那是一双极亮的眼,初醒时蒙着一层水雾,看清身侧一身单薄、面色惨白不停咳嗽的沈清寒时,眼底先是警惕,随即化为几分茫然。

“你是谁?”少年嗓音沙哑干涩,像被沙石磨过,挣扎着想要撑起身,一动,胸腹伤口便扯得剧痛,闷哼一声又跌回雪地。

沈清寒连忙伸手扶住他的肩,力道轻得怕碰碎一片琉璃,咳了两声,唇边沾着淡红血丝,声音轻软如云间落雪:“公子莫动,你伤重,又浸了冰水,贸然起身会伤根本。”

少年谢临渊垂眸,看见盖在自己身上那件干净白衣,又看向少年冻得泛紫、毫无遮蔽的肩头,心头微顿,眼底戒备淡去大半。

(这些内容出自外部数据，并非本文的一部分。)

(* Assume Assumptions 1, 2 and 3 (see context) hold, let $T\ge 1$ and let $(\eta_t)_{t\ge1}$ be a non-increasing sequence of positive step sizes used by SMD. Fix $\delta\in(0,1)$. Let $Y_1,Y_2$ be positive numbers (which may depend on $\delta$ and on $(\eta_t)_{t=1}^T$) such that, with $$\gamma=\sqrt{Y_2+\sum_{t=1}^T\eta_t^2\,(G^2+\sigma^2)}$$ and $$D_t=\max\Big\{\gamma,\sqrt{B_\psi(x^*,x_1)},\dots,\sqrt{B_\psi(x^*,x_t)}\Big\},\qquad t\ge1,$$ it holds that $$P\Big(\max_{s\le T}\sum_{t=1}^s\eta_t\Big\langle \xi_t,\frac{x_t-x^*}{\sqrt2\,D_t}\Big\rangle>Y_1\Big)\le\frac\delta2\quad\text{and}\quad P\Big(\sum_{t=1}^T\eta_t^2\big(\|\xi_t\|_*^2-\mathbb E_t\|\xi_t\|_*^2\big)>Y_2\Big)\le\frac\delta2 .$$ Then, with probability at least $1-\delta$, the average iterate $\bar x_T=\frac1T\sum_{t=1}^Tx_t$ satisfies $$f(\bar x_T)-f^*\le\frac{3}{\eta_T T}\Big(B_\psi(x^*,x_1)+\sum_{t=1}^T\eta_t^2(G^2+\sigma^2)+2Y_1^2+Y_2\Big).$$
   Context: Let $\|\cdot\|$ be a norm on $\mathbb R^d$ with dual norm $\|y\|_*=\sup_{\|w\|\le1}\langle y,w\rangle$. Let $\mathcal X\subseteq\mathbb R^d$ be nonempty, closed and convex, and $f:\mathcal X\to\mathbb R$ convex with a minimizer $x^*\in\mathcal X$, $f^*=f(x^* )$; $\partial f(x)$ is the subdifferential. Assumption 1: the regularizer $\psi:\mathbb R^d\to(-\infty,+\infty]$ is closed, convex, differentiable on $\mathrm{int}(\mathrm{dom}\,\psi)\neq\emptyset$ (where $\mathrm{dom}\,\psi=\{\psi<\infty\}$), $1$-strongly convex w.r.t. $\|\cdot\|$ (i.e. $\psi(x)\ge\psi(y)+\langle x-y,g\rangle+\frac12\|x-y\|^2$ for $x,y\in\mathrm{dom}\,\psi$, $g\in\partial\psi(y)$), $\mathcal X\subseteq\mathrm{dom}\,\psi$, and either $\|\nabla\psi(y_k)\|_2\to\infty$ for every sequence $(y_k)$ in $\mathrm{int}\,\mathrm{dom}\,\psi$ converging to a boundary point of $\mathrm{dom}\,\psi$, or $\mathcal X\subseteq\mathrm{int}\,\mathrm{dom}\,\psi$. The Bregman divergence is $B_\psi(x,y)=\psi(x)-\psi(y)-\langle x-y,\nabla\psi(y)\rangle$. Stochastic Mirror Descent (SMD) with non-increasing positive step sizes $(\eta_t)$: pick $x_1\in\mathrm{int}\,\mathrm{dom}\,\psi$; at step $t$ the oracle returns $\hat g_t=g_t-\xi_t$ with $g_t\in\partial f(x_t)$ and noise $\xi_t\in\mathbb R^d$, and $x_{t+1}=\arg\min_{x\in\mathcal X}\langle\hat g_t,x\rangle+\eta_t^{-1}B_\psi(x,x_t)$. $\mathcal F_t$ is the $\sigma$-algebra generated by $\xi_1,\dots,\xi_t$ ($\mathcal F_0$ trivial), so $x_t$ and $g_t$ are $\mathcal F_{t-1}$-measurable; $\mathbb E_t[\cdot]=\mathbb E[\cdot\mid\mathcal F_{t-1}]$, and $\mathbb E_t[\xi_t]=0$. Assumption 2: $\|g\|_*\le G$ for all $x\in\mathcal X$, $g\in\partial f(x)$. Assumption 3: $\mathbb E_t\|\xi_t\|_*^2\le\sigma^2$ for all $t$. *)

theory Defs
  imports "HOL-Probability.Probability"
begin

definition is_norm :: "(real^'d \<Rightarrow> real) \<Rightarrow> bool" where
  "is_norm N \<longleftrightarrow> (\<forall>x. N x = 0 \<longrightarrow> x = 0) \<and> (\<forall>x y. N (x + y) \<le> N x + N y)
                  \<and> (\<forall>c x. N (c *\<^sub>R x) = \<bar>c\<bar> * N x)"

definition dual_norm :: "(real^'d \<Rightarrow> real) \<Rightarrow> real^'d \<Rightarrow> real" where
  "dual_norm N y = Sup {y \<bullet> w | w. N w \<le> 1}"

definition subgrad :: "(real^'d) set \<Rightarrow> (real^'d \<Rightarrow> real) \<Rightarrow> real^'d \<Rightarrow> (real^'d) set" where
  "subgrad S h x = {g. \<forall>y\<in>S. h y \<ge> h x + g \<bullet> (y - x)}"

definition bregman :: "(real^'d \<Rightarrow> real) \<Rightarrow> (real^'d \<Rightarrow> real^'d) \<Rightarrow> real^'d \<Rightarrow> real^'d \<Rightarrow> real" where
  "bregman psi gpsi x y = psi x - psi y - (x - y) \<bullet> gpsi y"

definition gen_filt :: "'w measure \<Rightarrow> (nat \<Rightarrow> 'w \<Rightarrow> real^'d) \<Rightarrow> nat \<Rightarrow> 'w measure" where
  "gen_filt M xi t = sigma (space M)
      (\<Union>s\<in>{1..t}. {xi s -` A \<inter> space M | A. A \<in> sets borel})"

definition Dseq :: "real \<Rightarrow> (real^'d \<Rightarrow> real) \<Rightarrow> (real^'d \<Rightarrow> real^'d) \<Rightarrow> real^'d
                   \<Rightarrow> (nat \<Rightarrow> 'w \<Rightarrow> real^'d) \<Rightarrow> nat \<Rightarrow> 'w \<Rightarrow> real" where
  "Dseq \<gamma> psi gpsi xs x t \<omega> = Max (insert \<gamma> ((\<lambda>s. sqrt (bregman psi gpsi xs (x s \<omega>))) ` {1..t}))"

end

theory Submission
  imports Defs
begin

text \<open>
  The barrier condition keeps every iterate in the interior of \<open>dom \<psi>\<close>, where \<open>\<psi>\<close> is
  differentiable. There the optimality of the mirror step, the three-point identity and the
  strong convexity of \<open>\<psi>\<close> give the one-step inequality
  \<open>\<eta>\<^sub>t (f x\<^sub>t - f\<^sup>*) + B(x\<^sup>*, x\<^sub>t\<^sub>+\<^sub>1) - B(x\<^sup>*, x\<^sub>t) \<le> \<eta>\<^sub>t\<^sup>2 (G\<^sup>2 + \<parallel>\<xi>\<^sub>t\<parallel>\<^sub>*\<^sup>2) + \<eta>\<^sub>t \<langle>\<xi>\<^sub>t, x\<^sub>t - x\<^sup>*\<rangle>\<close>.
  Dividing the \<open>t\<close>-th inequality by the nondecreasing \<open>\<surd>2 D\<^sub>t\<close> and summing, the noise terms become
  exactly the normalized sums controlled by \<open>Y\<^sub>1\<close>, and the squared noise is controlled by
  \<open>Y\<^sub>2\<close> and \<open>\<sigma>\<close>. With \<open>K = (\<surd>B(x\<^sup>*, x\<^sub>1) + \<gamma>)/\<surd>2 + Y\<^sub>1\<close> this gives
  \<open>B(x\<^sup>*, x\<^sub>s) \<le> \<surd>2 K D\<^sub>s\<close>, hence \<open>D\<^sub>t \<le> \<surd>2 K\<close>: the iterates stay bounded without any assumption
  on the diameter of \<open>X\<close>. Multiplying back by \<open>\<surd>2 D\<^sub>t \<le> 2K\<close> bounds
  \<open>\<Sum>\<^sub>t \<eta>\<^sub>t (f x\<^sub>t - f\<^sup>*)\<close> by \<open>2K\<^sup>2 \<le> 3 (B(x\<^sup>*, x\<^sub>1) + \<gamma>\<^sup>2 + 2 Y\<^sub>1\<^sup>2)\<close>, and Jensen's inequality
  together with \<open>\<eta>\<^sub>T \<le> \<eta>\<^sub>t\<close> finishes the proof.
\<close>

section \<open>Norms and dual norms\<close>

lemma is_normD:
  assumes "is_norm N"
  shows "N x = 0 \<Longrightarrow> x = 0" "N (x + y) \<le> N x + N y" "N (c *\<^sub>R x) = \<bar>c\<bar> * N x"
  using assms by (auto simp: is_norm_def)

lemma is_norm_zero: "is_norm N \<Longrightarrow> N 0 = 0"
  using is_normD(3)[of N 0 0] by simp

lemma is_norm_minus: "is_norm N \<Longrightarrow> N (- x) = N x"
  using is_normD(3)[of N "-1" x] by simp

lemma is_norm_minus_commute: "is_norm N \<Longrightarrow> N (x - y) = N (y - x)"
  using is_norm_minus[of N "y - x"] by simp

lemma is_norm_nonneg: "is_norm N \<Longrightarrow> 0 \<le> N x"
  using is_normD(2)[of N x "- x"] is_norm_zero[of N] is_norm_minus[of N x] by simp

lemma is_norm_sum:
  assumes "is_norm N"
  shows "N (\<Sum>i\<in>A. v i) \<le> (\<Sum>i\<in>A. N (v i))"
proof (induction A rule: infinite_finite_induct)
  case (insert a A)
  then show ?case using is_normD(2)[OF assms, of "v a" "sum v A"] by simp
qed (simp_all add: is_norm_zero[OF assms])

lemma is_norm_upper_bound:
  assumes "is_norm N"
  shows "N x \<le> (\<Sum>b\<in>Basis. N b) * norm x"
proof -
  have "N x = N (\<Sum>b\<in>Basis. (x \<bullet> b) *\<^sub>R b)"
    by (simp add: euclidean_representation)
  also have "\<dots> \<le> (\<Sum>b\<in>Basis. \<bar>x \<bullet> b\<bar> * N b)"
    by (rule order_trans[OF is_norm_sum[OF assms]]) (simp add: is_normD(3)[OF assms])
  also have "\<dots> \<le> (\<Sum>b\<in>Basis. norm x * N b)"
    by (intro sum_mono mult_right_mono) (auto simp: Basis_le_norm is_norm_nonneg[OF assms])
  finally show ?thesis
    by (simp add: sum_distrib_left mult.commute)
qed

lemma is_norm_lipschitz:
  fixes N :: "real^'d \<Rightarrow> real"
  assumes "is_norm N"
  shows "lipschitz_on (\<Sum>b\<in>Basis. N b) UNIV N"
proof (rule lipschitz_onI)
  fix x y :: "real^'d"
  have "N x \<le> N y + N (x - y)" "N y \<le> N x + N (x - y)"
    using is_normD(2)[OF assms, of y "x - y"] is_normD(2)[OF assms, of x "y - x"]
      is_norm_minus_commute[OF assms, of x y] by simp_all
  then show "dist (N x) (N y) \<le> (\<Sum>b\<in>Basis. N b) * dist x y"
    using is_norm_upper_bound[OF assms, of "x - y"] by (simp add: dist_real_def dist_norm)
qed (simp add: sum_nonneg is_norm_nonneg[OF assms])

lemma is_norm_lower_bound:
  fixes N :: "real^'d \<Rightarrow> real"
  assumes "is_norm N"
  obtains c where "0 < c" "\<And>x. c * norm x \<le> N x"
proof -
  have "continuous_on (sphere 0 1) N"
    using lipschitz_on_continuous_on[OF is_norm_lipschitz[OF assms]] continuous_on_subset by blast
  then obtain m :: "real^'d" where m: "m \<in> sphere 0 1" "\<And>y. y \<in> sphere 0 1 \<Longrightarrow> N m \<le> N y"
    using continuous_attains_inf[OF compact_sphere, of "0::real^'d" 1 N] by auto
  have "0 < N m"
    using m(1) is_normD(1)[OF assms, of m] is_norm_nonneg[OF assms, of m] by force
  moreover have "N m * norm x \<le> N x" for x
  proof (cases "x = 0")
    case False
    then have "N m \<le> N ((1 / norm x) *\<^sub>R x)"
      by (intro m(2)) simp
    then show ?thesis
      using False by (simp add: is_normD(3)[OF assms] field_simps)
  qed (simp add: is_norm_zero[OF assms])
  ultimately show ?thesis
    using that by blast
qed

他方才落水濒死,分明是此人舍命入江将自己救回。

“是你救了我?”

“嗯。”沈清寒轻轻颔首,伸手擦去颊边落雪,指尖微颤,“方才见公子坠江,实在无法置之不理。此地不宜久留,江边常有巡兵,待风雪稍小,我带你往后山草庐去,那里无人踪迹,可暂避风头。”

谢临渊沉默打量他。眼前少年约莫十岁模样,眉目清润,肤色是常年畏寒养出的冷白,一双眼干净温顺,唯独唇间那点血色刺目,单薄身子仿佛一阵风便能吹倒,偏偏眼底藏着一股韧劲,不卑不亢。

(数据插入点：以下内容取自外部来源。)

lemma face_closed_Un_singleton:
  assumes "face_closed C" and "\<And>\<tau>. \<tau> \<noteq> {} \<Longrightarrow> \<tau> \<subset> \<sigma> \<Longrightarrow> \<tau> \<in> C"
  shows "face_closed (C \<union> {\<sigma>})"
  unfolding face_closed_def
proof (intro ballI allI impI)
  fix \<rho> \<tau> assume \<rho>: "\<rho> \<in> C \<union> {\<sigma>}" and \<tau>: "\<tau> \<subseteq> \<rho> \<and> \<tau> \<noteq> {}"
  show "\<tau> \<in> C \<union> {\<sigma>}"
  proof (cases "\<rho> \<in> C")
    case True
    then show ?thesis using face_closedD[OF assms(1) True] \<tau> by blast
  next
    case False
    then have "\<tau> = \<sigma> \<or> \<tau> \<subset> \<sigma>" using \<rho> \<tau> by blast
    then show ?thesis using assms(2) \<tau> by blast
  qed
qed

lemma coherent_Incl:
  assumes "coherent_state s" and "valid_step s (Incl \<sigma>)"
  shows "coherent_state (tstep s (Incl \<sigma>))"
proof -
  let ?C = "cone_cplx s" and ?K = "cplx s" and ?A = "active s"
  let ?A' = "if card \<sigma> = 1 then ?A \<union> \<sigma> else ?A"
  note cl = coherent_stateD(3)[OF assms(1)]
    and K = coherent_stateD(4)[OF assms(1)] and A = coherent_stateD(5)[OF assms(1)]
  have faces: "\<tau> \<in> ?K" if "\<tau> \<noteq> {}" "\<tau> \<subset> \<sigma>" for \<tau>
    using assms(2) that by simp
  have "face_closed (?C \<union> {\<sigma>})"
    using face_closed_Un_singleton[OF cl] faces K by blast
  moreover have "?K \<union> {\<sigma>} = {\<tau> \<in> ?C \<union> {\<sigma>}. \<tau> \<subseteq> ?A'} \<and> ?A' = {a. {a} \<in> ?K \<union> {\<sigma>}}"
  proof (cases "card \<sigma> = 1")
    case True
    then obtain w where w: "\<sigma> = {w}" by (auto simp: card_Suc_eq)
    \<comment> \<open>the new vertex is fresh, so it lies in no old simplex of the cone\<close>
    then have "w \<notin> \<Union>?C" using assms(2) by simp
    then have "?K \<union> {\<sigma>} = {\<tau> \<in> ?C \<union> {\<sigma>}. \<tau> \<subseteq> ?A \<union> \<sigma>}"
      using w K by auto
    moreover have "?A \<union> \<sigma> = {a. {a} \<in> ?K \<union> {\<sigma>}}"
      using w A by auto
    moreover have "?A' = ?A \<union> \<sigma>" using True by simp
    ultimately show ?thesis by (simp only:)
  next
    case False
    then have "{x} \<subset> \<sigma>" if "x \<in> \<sigma>" for x using that by auto
    then have "\<sigma> \<subseteq> ?A" using faces A by blast
    then have "?K \<union> {\<sigma>} = {\<tau> \<in> ?C \<union> {\<sigma>}. \<tau> \<subseteq> ?A}"
      using K by auto
    moreover have "?A = {a. {a} \<in> ?K \<union> {\<sigma>}}"
      using A False by auto
    moreover have "?A' = ?A" using False by simp
    ultimately show ?thesis by (simp only:)
  qed
  moreover have "finite (?C \<union> {\<sigma>})" "{} \<notin> ?C \<union> {\<sigma>}"
    using assms(2) coherent_stateD(1,2)[OF assms(1)] by auto
  ultimately show ?thesis
    unfolding coherent_state_def tstep_Incl by blast
qed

他身负重兵追杀,本应对所有陌生人设防,可对上这双不含半分恶意的眼,心底那点刺骨提防竟悄悄松了。

“多谢。”谢临渊低声道,伸手想要将外袍还给沈清寒,“你身子畏寒,这件衣裳该你穿。”

“我无妨,”沈清寒微微避开,轻轻摇头,“公子身上有刀伤,受寒极易高热,我自幼习惯风雪,扛得住。”

话音未落,他胸口又是一阵剧烈闷咳,弯下腰,手帕捂在唇边,再松开时,素色绢布上洇开一大片猩红。

谢临渊瞳孔骤然一缩,伸手攥住他的手腕,指尖触到一片冰凉刺骨,惊道:“你身患寒疾?方才入江救我,岂不是雪上加霜?”

沈清寒垂眸掩去眼底苦涩,轻轻抽回手腕,将绢布叠起藏入袖中,淡淡一笑:“不过旧疾,不碍事。公子不必挂怀,能救下你,已是万幸。”

他不肯多说自身苦楚,转头望向连绵后山,轻声道:“那处草庐是从前隐士留下,里面存着些许干柴粗粮,我躲在此处已有半月,无人寻来。”

谢临渊看着他单薄孤寂的侧影,心底生出几分说不清道不明的柔软。他自小流落沙场,见惯人心险恶、背叛算计,从未有人这般不顾自身安危,舍命相救一个萍水相逢的陌生人。

“往后若能活下去,我必报答今日救命之恩。”谢临渊语气郑重,眼底是少年人独有的赤诚笃定,“此生但凡你所求,我尽数予你。”

沈清寒闻言,心头轻轻一颤,抬眼望进他明亮执着的眼眸,风雪落在两人之间,隔开漫天血色乱世,只剩此刻片刻安稳。

他那时尚不知,眼前少年这句许诺,日后会缠他一生,成困住他半生的枷锁,也成刺碎他心肺最锋利的刀刃。

“我不求报答,”沈清寒浅浅弯了弯眼,笑意浅淡易碎,“只盼乱世早些平息,人人皆有归处。”

风雪渐缓,天际露出一点灰白微光。沈清寒搀扶着谢临渊,一步一步踏过积雪,往后山深处那间破败草庐走去。山路崎岖,雪埋乱石,谢临渊伤重走不稳,大半重量都倚在沈清寒单薄肩头。

沈清寒咬紧牙关,硬生生扛住这份重量,寒疾发作的骨痛阵阵袭来,每走一步都似踩在冰刃之上,却半句疼字都不曾吐露。

谢临渊察觉到肩头少年微微发抖,低头看向他冻得青紫的耳廓,心头酸涩,强撑着力气分出一半身子重量,低声道:“我自己能走,不必硬撑。”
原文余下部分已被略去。